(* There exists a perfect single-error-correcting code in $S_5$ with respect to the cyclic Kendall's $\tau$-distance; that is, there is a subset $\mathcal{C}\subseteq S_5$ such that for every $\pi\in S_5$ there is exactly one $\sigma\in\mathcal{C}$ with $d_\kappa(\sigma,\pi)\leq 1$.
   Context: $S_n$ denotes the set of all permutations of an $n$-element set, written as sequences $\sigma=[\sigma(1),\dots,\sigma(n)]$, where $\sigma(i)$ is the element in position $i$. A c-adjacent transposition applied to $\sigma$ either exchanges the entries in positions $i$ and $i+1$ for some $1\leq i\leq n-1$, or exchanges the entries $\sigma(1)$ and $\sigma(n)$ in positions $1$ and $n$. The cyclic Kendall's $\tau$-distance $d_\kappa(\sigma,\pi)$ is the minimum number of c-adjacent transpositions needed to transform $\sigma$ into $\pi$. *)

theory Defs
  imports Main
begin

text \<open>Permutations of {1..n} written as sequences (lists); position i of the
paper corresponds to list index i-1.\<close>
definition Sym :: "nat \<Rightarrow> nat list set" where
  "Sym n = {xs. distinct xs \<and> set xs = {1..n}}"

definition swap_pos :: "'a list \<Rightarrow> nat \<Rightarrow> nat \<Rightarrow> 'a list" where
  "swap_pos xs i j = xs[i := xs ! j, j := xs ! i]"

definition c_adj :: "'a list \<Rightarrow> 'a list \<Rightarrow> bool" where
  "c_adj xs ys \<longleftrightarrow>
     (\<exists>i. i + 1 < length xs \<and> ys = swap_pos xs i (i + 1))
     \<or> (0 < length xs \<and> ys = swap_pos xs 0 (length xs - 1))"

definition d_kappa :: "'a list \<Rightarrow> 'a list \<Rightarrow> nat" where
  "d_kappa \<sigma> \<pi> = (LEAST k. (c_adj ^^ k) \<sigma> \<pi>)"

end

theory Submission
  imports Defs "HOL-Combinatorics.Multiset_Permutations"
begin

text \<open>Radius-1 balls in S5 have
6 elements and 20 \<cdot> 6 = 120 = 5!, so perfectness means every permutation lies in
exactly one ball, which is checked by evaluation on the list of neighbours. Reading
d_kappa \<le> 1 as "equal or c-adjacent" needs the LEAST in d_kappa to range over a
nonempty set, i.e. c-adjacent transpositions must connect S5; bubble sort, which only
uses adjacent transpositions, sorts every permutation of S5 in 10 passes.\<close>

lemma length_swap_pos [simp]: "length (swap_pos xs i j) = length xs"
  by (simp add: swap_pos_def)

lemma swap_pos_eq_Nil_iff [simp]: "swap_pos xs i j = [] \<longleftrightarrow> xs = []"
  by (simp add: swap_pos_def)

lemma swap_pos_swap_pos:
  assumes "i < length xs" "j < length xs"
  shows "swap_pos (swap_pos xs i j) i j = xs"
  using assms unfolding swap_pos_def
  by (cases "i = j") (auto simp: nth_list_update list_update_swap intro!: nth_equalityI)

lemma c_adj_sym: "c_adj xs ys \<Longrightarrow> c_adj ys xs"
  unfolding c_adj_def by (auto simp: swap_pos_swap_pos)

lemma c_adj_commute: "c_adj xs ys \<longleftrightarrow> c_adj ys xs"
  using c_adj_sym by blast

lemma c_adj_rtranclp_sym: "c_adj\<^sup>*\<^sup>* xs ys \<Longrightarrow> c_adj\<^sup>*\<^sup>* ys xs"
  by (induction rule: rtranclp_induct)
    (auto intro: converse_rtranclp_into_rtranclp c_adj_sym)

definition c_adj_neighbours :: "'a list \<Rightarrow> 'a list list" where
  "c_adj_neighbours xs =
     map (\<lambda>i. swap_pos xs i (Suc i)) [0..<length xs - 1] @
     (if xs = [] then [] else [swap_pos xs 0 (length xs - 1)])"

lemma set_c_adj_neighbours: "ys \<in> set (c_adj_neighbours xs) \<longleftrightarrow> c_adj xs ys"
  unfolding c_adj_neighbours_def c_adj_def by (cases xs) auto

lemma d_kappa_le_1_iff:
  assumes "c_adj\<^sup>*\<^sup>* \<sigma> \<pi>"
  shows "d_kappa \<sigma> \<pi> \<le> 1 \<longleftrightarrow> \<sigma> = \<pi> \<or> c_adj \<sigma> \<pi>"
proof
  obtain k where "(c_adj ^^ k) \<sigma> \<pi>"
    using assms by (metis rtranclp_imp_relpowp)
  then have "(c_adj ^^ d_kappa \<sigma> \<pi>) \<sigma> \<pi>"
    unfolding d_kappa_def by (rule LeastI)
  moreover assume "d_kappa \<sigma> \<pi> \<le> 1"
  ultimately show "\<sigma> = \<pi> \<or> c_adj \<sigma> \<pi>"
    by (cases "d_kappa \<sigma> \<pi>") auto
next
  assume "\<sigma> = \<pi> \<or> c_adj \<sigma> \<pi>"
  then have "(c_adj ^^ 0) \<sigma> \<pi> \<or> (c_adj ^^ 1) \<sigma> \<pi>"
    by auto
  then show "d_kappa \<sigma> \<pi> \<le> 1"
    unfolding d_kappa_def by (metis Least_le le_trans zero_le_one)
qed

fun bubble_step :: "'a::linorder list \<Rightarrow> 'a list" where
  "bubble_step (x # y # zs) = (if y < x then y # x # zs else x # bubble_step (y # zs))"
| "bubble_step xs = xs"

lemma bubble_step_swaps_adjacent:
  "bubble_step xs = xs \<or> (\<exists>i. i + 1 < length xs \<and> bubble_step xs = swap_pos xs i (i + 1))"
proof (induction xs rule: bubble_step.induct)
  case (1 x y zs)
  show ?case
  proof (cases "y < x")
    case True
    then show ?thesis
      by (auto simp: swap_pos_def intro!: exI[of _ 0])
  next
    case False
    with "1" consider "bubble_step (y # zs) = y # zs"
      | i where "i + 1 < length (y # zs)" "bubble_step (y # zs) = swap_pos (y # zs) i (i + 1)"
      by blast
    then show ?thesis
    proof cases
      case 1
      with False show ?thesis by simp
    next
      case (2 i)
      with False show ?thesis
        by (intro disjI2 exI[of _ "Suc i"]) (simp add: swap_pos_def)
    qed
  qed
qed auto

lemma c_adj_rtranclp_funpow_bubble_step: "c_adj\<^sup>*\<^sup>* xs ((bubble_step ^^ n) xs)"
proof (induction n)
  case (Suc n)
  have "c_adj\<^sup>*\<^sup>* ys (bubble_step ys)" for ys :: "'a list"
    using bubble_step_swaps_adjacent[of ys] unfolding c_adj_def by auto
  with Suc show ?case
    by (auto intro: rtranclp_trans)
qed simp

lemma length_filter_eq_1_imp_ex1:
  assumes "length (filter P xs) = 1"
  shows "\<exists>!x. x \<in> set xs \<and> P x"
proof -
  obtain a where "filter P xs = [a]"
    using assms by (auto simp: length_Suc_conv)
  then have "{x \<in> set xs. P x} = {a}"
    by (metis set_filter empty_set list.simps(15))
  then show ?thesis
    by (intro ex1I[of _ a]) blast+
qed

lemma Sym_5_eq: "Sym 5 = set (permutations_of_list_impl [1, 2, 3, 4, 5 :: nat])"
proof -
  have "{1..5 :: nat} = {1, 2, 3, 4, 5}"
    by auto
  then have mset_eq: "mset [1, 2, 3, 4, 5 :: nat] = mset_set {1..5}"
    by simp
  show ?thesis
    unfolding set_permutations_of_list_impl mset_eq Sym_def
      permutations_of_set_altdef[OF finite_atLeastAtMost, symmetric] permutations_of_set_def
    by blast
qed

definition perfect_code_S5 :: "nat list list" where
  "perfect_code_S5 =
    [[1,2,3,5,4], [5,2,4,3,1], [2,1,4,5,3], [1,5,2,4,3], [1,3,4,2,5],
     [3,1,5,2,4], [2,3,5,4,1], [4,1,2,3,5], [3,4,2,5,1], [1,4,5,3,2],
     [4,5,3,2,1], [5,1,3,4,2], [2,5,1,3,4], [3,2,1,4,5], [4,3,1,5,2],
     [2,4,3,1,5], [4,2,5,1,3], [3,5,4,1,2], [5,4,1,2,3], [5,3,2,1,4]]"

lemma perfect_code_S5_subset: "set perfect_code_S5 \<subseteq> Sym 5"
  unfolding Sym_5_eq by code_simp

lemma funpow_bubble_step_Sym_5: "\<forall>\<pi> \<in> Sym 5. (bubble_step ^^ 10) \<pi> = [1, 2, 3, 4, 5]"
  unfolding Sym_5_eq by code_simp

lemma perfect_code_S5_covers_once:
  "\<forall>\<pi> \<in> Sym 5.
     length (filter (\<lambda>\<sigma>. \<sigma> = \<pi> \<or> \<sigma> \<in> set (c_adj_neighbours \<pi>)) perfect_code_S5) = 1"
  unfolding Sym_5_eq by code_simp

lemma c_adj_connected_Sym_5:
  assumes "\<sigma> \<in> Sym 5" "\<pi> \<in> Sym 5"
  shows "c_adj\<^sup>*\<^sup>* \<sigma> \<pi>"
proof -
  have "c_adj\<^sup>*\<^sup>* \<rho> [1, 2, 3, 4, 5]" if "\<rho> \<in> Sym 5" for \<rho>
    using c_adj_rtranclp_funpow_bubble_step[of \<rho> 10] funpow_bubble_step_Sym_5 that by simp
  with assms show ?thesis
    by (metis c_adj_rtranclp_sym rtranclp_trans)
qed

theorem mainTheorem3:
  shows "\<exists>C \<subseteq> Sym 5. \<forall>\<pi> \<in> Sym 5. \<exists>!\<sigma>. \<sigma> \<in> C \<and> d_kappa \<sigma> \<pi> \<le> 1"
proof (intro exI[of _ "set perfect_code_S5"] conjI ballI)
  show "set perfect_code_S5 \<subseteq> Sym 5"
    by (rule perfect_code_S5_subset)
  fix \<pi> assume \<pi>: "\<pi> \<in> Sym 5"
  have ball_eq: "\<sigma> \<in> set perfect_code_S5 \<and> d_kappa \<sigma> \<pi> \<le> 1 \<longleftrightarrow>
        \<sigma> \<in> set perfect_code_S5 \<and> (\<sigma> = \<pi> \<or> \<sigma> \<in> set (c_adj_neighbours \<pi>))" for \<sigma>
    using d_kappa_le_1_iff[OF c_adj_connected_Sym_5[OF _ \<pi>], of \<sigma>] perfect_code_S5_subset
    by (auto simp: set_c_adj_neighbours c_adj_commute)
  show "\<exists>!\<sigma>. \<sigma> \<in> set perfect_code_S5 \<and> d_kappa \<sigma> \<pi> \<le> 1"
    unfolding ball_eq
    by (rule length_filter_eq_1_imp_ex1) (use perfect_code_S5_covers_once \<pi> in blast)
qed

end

- **Activity**
Say how many lines above contain the string "close". Answer with the number only.

- **Exercise answer**
2